■ What you will do
Starting at the first line of the entries below, output every line exactly, up to and including the line with "using assms that".

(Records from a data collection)
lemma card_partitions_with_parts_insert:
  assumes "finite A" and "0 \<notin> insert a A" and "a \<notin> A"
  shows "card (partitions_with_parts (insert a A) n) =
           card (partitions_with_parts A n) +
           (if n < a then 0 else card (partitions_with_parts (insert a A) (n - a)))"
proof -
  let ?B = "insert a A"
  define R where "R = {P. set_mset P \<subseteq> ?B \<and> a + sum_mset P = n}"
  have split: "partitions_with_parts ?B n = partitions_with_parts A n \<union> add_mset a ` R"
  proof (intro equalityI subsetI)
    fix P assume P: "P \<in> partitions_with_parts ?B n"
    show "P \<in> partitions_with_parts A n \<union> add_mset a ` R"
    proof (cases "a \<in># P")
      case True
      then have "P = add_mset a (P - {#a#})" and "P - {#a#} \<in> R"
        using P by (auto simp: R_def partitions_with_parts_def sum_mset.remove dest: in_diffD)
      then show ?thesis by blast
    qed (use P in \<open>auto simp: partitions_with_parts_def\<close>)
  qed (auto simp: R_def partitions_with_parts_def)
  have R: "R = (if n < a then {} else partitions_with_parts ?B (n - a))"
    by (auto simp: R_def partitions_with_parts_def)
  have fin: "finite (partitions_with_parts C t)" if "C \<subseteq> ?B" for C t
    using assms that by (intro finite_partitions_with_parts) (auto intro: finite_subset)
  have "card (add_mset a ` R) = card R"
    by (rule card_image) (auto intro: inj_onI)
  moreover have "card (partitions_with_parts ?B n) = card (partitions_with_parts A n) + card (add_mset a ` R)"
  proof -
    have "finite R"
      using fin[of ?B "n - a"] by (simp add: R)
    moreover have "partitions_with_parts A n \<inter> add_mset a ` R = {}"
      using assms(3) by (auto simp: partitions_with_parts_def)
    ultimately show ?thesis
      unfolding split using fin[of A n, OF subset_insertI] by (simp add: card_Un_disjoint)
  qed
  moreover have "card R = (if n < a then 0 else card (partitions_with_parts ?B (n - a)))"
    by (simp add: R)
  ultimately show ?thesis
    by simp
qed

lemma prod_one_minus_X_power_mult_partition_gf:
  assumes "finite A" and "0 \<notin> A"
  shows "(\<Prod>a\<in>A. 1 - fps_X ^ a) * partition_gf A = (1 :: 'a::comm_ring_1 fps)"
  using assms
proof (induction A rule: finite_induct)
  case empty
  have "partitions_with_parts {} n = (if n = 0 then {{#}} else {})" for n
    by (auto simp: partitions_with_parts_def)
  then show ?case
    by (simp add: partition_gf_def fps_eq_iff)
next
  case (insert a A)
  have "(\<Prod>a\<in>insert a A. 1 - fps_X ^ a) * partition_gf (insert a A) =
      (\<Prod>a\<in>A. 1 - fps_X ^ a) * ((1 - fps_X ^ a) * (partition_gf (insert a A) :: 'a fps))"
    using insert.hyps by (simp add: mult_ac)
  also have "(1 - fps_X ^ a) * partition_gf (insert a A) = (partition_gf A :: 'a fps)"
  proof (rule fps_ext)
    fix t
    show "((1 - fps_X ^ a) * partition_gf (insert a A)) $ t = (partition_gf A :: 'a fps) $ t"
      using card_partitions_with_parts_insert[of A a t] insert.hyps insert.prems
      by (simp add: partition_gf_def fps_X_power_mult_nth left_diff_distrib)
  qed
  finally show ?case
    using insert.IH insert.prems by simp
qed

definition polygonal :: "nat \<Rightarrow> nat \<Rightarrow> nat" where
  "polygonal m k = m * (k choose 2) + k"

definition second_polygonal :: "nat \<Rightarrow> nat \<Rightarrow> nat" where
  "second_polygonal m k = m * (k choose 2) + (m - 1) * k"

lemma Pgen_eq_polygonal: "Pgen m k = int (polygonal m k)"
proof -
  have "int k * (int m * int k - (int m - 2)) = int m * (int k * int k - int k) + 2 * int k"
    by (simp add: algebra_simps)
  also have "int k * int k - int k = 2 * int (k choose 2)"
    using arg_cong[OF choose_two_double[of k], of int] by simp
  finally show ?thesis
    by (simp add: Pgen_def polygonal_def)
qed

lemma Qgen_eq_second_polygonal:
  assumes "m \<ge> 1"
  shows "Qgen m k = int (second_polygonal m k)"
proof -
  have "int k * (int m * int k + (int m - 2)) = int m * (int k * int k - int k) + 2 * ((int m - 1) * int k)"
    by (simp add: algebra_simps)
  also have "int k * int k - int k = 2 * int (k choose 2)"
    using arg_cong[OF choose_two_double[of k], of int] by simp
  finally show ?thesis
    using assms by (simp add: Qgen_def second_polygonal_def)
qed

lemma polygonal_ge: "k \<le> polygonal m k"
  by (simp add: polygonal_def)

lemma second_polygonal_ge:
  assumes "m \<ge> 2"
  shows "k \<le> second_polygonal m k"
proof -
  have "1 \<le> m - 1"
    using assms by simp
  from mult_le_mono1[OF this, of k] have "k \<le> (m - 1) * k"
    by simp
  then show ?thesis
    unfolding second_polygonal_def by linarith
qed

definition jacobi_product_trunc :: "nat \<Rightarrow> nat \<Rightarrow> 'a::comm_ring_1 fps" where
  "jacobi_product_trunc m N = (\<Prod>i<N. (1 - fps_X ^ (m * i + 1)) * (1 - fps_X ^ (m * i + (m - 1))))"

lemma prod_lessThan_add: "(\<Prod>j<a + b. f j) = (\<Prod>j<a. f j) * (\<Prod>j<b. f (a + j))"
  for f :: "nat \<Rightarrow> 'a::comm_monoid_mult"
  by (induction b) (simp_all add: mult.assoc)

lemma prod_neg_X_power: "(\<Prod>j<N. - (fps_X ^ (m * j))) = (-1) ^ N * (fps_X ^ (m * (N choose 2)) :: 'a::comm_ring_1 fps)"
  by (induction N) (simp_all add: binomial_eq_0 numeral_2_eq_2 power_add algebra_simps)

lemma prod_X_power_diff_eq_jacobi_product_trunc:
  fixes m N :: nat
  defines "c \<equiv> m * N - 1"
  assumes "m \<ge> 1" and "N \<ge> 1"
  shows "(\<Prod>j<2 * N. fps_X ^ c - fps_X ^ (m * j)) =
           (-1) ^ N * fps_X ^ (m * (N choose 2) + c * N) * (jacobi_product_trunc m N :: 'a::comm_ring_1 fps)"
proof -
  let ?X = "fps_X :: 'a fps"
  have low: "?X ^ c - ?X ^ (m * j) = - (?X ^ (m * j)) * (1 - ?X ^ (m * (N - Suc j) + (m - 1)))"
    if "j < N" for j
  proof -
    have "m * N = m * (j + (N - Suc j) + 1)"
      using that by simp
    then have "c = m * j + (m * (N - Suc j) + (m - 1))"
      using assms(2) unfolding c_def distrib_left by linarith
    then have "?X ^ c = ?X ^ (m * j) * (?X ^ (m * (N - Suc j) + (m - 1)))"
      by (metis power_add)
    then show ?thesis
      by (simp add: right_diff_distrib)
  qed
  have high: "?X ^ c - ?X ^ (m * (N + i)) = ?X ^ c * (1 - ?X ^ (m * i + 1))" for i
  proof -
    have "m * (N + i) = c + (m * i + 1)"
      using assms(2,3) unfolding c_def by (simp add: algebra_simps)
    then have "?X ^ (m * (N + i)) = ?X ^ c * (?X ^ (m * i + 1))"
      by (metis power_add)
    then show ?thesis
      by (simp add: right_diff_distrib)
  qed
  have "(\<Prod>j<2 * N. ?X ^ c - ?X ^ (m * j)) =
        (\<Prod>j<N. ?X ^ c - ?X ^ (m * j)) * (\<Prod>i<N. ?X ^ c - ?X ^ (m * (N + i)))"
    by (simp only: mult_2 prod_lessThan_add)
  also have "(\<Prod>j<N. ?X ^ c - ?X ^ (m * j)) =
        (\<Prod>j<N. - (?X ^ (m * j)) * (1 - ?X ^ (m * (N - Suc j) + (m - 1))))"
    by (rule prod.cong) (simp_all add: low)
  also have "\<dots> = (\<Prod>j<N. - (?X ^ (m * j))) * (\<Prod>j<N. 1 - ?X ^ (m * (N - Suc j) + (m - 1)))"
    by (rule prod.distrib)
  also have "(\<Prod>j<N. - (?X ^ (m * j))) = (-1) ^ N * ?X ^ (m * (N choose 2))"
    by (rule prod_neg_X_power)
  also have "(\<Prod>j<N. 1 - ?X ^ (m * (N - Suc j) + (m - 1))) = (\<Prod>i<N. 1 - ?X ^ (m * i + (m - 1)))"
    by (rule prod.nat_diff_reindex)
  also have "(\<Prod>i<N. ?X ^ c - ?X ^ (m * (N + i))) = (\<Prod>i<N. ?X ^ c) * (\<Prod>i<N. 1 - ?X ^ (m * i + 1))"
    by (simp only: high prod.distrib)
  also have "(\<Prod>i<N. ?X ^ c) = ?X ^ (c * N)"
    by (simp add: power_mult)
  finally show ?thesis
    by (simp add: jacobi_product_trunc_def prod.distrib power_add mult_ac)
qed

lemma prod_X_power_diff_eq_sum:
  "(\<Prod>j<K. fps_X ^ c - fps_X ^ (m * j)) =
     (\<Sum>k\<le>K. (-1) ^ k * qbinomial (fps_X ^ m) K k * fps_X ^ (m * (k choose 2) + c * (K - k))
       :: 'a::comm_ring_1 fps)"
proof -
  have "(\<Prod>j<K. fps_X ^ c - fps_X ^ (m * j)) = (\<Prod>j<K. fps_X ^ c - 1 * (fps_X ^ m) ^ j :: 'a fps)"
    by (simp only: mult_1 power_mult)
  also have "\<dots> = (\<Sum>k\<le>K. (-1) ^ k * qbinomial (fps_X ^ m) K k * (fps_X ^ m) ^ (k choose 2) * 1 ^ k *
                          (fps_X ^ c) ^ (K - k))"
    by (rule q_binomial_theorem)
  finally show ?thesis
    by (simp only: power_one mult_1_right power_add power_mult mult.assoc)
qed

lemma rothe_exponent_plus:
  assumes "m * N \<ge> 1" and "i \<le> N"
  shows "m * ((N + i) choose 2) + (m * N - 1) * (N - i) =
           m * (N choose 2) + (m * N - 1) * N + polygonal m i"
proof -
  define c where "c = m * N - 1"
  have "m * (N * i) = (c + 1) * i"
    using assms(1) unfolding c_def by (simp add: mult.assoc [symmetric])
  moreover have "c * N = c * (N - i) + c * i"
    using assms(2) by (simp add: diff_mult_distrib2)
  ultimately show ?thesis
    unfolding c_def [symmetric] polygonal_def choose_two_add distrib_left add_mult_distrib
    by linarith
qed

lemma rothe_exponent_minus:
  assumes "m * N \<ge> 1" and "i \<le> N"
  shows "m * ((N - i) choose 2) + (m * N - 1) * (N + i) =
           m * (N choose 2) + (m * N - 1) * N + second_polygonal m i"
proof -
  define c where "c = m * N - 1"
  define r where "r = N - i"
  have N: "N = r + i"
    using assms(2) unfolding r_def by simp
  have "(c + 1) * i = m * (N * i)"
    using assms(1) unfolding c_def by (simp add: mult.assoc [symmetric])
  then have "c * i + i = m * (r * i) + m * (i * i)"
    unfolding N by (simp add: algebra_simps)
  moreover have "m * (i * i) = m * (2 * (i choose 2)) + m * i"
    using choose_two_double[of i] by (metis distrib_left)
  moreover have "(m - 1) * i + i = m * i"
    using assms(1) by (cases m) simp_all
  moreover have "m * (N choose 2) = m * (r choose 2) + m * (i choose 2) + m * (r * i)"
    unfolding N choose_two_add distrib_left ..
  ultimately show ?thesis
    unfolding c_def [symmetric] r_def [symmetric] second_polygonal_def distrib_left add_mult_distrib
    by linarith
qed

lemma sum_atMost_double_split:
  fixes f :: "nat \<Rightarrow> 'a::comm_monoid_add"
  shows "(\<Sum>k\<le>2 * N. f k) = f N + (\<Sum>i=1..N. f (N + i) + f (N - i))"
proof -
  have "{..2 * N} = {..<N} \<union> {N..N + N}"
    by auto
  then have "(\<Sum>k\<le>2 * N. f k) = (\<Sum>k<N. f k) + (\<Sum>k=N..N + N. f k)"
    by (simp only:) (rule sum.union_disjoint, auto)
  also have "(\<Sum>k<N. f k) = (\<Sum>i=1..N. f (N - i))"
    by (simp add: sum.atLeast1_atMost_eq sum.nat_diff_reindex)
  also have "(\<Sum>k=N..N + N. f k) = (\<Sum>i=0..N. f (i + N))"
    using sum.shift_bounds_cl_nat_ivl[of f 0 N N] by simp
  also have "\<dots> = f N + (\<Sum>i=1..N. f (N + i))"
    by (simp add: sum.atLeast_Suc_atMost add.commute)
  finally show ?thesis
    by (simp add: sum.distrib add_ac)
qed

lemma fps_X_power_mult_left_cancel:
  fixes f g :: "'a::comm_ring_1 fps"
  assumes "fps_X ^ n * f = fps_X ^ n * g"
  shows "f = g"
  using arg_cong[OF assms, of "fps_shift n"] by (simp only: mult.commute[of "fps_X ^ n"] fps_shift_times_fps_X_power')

■ Solution to this exercise
lemma card_partitions_with_parts_insert:
  assumes "finite A" and "0 \<notin> insert a A" and "a \<notin> A"
  shows "card (partitions_with_parts (insert a A) n) =
           card (partitions_with_parts A n) +
           (if n < a then 0 else card (partitions_with_parts (insert a A) (n - a)))"
proof -
  let ?B = "insert a A"
  define R where "R = {P. set_mset P \<subseteq> ?B \<and> a + sum_mset P = n}"
  have split: "partitions_with_parts ?B n = partitions_with_parts A n \<union> add_mset a ` R"
  proof (intro equalityI subsetI)
    fix P assume P: "P \<in> partitions_with_parts ?B n"
    show "P \<in> partitions_with_parts A n \<union> add_mset a ` R"
    proof (cases "a \<in># P")
      case True
      then have "P = add_mset a (P - {#a#})" and "P - {#a#} \<in> R"
        using P by (auto simp: R_def partitions_with_parts_def sum_mset.remove dest: in_diffD)
      then show ?thesis by blast
    qed (use P in \<open>auto simp: partitions_with_parts_def\<close>)
  qed (auto simp: R_def partitions_with_parts_def)
  have R: "R = (if n < a then {} else partitions_with_parts ?B (n - a))"
    by (auto simp: R_def partitions_with_parts_def)
  have fin: "finite (partitions_with_parts C t)" if "C \<subseteq> ?B" for C t
    using assms that by (intro finite_partitions_with_parts) (auto intro: finite_subset)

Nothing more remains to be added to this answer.